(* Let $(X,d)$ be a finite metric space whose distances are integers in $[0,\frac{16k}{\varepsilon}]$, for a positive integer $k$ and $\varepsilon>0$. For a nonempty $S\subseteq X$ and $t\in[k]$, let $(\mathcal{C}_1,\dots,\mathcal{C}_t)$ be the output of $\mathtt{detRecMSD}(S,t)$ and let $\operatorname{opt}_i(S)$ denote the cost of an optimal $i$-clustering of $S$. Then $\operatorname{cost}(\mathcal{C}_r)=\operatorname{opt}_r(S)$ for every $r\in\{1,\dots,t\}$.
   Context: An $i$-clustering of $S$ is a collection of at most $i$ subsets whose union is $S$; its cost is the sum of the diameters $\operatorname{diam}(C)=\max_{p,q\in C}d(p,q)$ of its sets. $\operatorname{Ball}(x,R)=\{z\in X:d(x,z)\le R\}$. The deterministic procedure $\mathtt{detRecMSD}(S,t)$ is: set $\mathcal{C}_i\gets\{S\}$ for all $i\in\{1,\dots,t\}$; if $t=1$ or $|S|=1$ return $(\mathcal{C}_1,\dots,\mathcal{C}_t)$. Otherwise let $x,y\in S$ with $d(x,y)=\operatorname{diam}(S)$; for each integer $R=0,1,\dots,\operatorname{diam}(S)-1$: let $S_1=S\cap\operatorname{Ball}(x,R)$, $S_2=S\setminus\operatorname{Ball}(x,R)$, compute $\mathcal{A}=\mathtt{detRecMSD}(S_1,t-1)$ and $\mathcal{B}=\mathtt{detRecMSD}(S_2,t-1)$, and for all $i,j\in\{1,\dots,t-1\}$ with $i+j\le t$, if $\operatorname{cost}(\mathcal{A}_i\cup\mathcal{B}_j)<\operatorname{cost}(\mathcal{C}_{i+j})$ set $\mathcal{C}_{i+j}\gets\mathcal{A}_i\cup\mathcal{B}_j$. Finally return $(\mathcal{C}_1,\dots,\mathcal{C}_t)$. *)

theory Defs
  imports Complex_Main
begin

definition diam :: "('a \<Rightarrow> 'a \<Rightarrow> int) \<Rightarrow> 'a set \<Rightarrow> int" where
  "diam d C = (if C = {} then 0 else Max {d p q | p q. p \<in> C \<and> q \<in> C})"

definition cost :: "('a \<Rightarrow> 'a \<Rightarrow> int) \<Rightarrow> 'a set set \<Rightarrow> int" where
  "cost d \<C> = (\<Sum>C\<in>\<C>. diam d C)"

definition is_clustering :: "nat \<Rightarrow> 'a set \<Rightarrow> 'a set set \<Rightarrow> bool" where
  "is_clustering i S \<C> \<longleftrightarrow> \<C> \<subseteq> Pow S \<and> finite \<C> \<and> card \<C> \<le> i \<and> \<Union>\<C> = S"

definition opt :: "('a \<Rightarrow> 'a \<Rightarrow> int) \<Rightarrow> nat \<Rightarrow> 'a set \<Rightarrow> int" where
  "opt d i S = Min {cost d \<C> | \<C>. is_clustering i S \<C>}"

==

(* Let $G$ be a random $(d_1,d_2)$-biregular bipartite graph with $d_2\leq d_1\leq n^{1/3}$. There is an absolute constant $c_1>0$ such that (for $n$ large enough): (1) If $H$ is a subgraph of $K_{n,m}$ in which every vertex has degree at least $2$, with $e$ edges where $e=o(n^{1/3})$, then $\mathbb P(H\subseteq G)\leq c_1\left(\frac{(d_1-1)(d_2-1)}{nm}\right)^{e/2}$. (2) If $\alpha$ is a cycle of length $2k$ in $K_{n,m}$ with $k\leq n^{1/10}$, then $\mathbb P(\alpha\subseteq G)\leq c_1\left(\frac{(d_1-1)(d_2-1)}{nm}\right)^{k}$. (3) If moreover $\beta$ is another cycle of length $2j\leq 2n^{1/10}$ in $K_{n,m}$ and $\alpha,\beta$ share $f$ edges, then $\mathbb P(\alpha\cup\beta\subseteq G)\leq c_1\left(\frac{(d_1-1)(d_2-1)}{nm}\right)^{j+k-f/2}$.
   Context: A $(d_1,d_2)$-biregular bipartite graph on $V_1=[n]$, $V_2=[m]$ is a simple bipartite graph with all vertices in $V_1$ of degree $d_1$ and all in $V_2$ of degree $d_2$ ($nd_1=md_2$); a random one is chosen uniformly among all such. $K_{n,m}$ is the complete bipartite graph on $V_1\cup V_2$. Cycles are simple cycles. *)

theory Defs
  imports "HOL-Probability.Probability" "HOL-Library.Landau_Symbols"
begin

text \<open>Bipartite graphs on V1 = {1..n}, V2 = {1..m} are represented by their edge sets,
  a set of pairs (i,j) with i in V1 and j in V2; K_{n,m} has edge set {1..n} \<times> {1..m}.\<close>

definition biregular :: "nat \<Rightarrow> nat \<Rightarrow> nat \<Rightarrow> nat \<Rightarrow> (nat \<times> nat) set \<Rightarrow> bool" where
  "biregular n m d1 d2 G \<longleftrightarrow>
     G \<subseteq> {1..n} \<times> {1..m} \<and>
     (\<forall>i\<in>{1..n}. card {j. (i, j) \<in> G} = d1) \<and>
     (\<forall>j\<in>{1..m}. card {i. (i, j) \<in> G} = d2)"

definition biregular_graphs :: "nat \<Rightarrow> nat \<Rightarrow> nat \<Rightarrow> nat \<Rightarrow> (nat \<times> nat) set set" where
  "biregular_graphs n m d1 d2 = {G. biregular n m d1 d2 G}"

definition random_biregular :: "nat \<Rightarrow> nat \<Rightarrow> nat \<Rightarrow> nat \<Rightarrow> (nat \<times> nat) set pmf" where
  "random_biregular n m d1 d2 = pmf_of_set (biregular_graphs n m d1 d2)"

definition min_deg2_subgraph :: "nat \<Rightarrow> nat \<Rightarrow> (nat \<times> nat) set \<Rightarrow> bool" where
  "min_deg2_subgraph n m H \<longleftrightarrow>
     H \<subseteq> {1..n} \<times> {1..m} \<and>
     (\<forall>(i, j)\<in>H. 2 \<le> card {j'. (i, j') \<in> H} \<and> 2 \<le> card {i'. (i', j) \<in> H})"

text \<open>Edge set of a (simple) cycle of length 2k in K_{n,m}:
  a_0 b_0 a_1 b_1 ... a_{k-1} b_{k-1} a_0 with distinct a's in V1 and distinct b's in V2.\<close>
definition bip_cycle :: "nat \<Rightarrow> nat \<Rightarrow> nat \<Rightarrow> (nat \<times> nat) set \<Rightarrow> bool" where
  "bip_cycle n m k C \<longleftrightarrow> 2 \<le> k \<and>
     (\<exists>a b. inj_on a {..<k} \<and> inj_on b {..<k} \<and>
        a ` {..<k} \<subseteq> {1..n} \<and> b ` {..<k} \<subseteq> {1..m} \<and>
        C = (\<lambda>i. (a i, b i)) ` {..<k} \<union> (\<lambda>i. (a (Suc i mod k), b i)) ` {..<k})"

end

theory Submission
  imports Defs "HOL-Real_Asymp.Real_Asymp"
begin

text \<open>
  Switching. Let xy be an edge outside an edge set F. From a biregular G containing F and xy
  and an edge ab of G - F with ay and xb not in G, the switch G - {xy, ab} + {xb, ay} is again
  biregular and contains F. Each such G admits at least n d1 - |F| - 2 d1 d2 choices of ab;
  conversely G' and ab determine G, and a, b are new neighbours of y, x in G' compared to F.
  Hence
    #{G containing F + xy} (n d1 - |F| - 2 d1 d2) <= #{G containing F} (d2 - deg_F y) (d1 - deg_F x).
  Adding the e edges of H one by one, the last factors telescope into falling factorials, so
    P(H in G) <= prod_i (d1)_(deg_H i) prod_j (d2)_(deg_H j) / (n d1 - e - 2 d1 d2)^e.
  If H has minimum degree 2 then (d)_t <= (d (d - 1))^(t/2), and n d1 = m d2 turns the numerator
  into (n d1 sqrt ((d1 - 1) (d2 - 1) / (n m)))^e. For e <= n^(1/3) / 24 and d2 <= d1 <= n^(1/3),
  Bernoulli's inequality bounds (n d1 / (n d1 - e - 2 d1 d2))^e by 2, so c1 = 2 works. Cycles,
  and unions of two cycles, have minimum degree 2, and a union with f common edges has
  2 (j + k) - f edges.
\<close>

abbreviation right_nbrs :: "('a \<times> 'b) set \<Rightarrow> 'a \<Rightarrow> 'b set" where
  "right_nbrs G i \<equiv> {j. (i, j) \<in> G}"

### EXERCISE DIRECTIONS:
A word-for-word copy of the lines above from the one with "Bernoulli's inequality bounds" through the one with "G i \<equiv>", inclusive, is the only output wanted.

### RESULT OF THE TASK:
  Bernoulli's inequality bounds (n d1 / (n d1 - e - 2 d1 d2))^e by 2, so c1 = 2 works. Cycles,
  and unions of two cycles, have minimum degree 2, and a union with f common edges has
  2 (j + k) - f edges.
\<close>

abbreviation right_nbrs :: "('a \<times> 'b) set \<Rightarrow> 'a \<Rightarrow> 'b set" where
  "right_nbrs G i \<equiv> {j. (i, j) \<in> G}"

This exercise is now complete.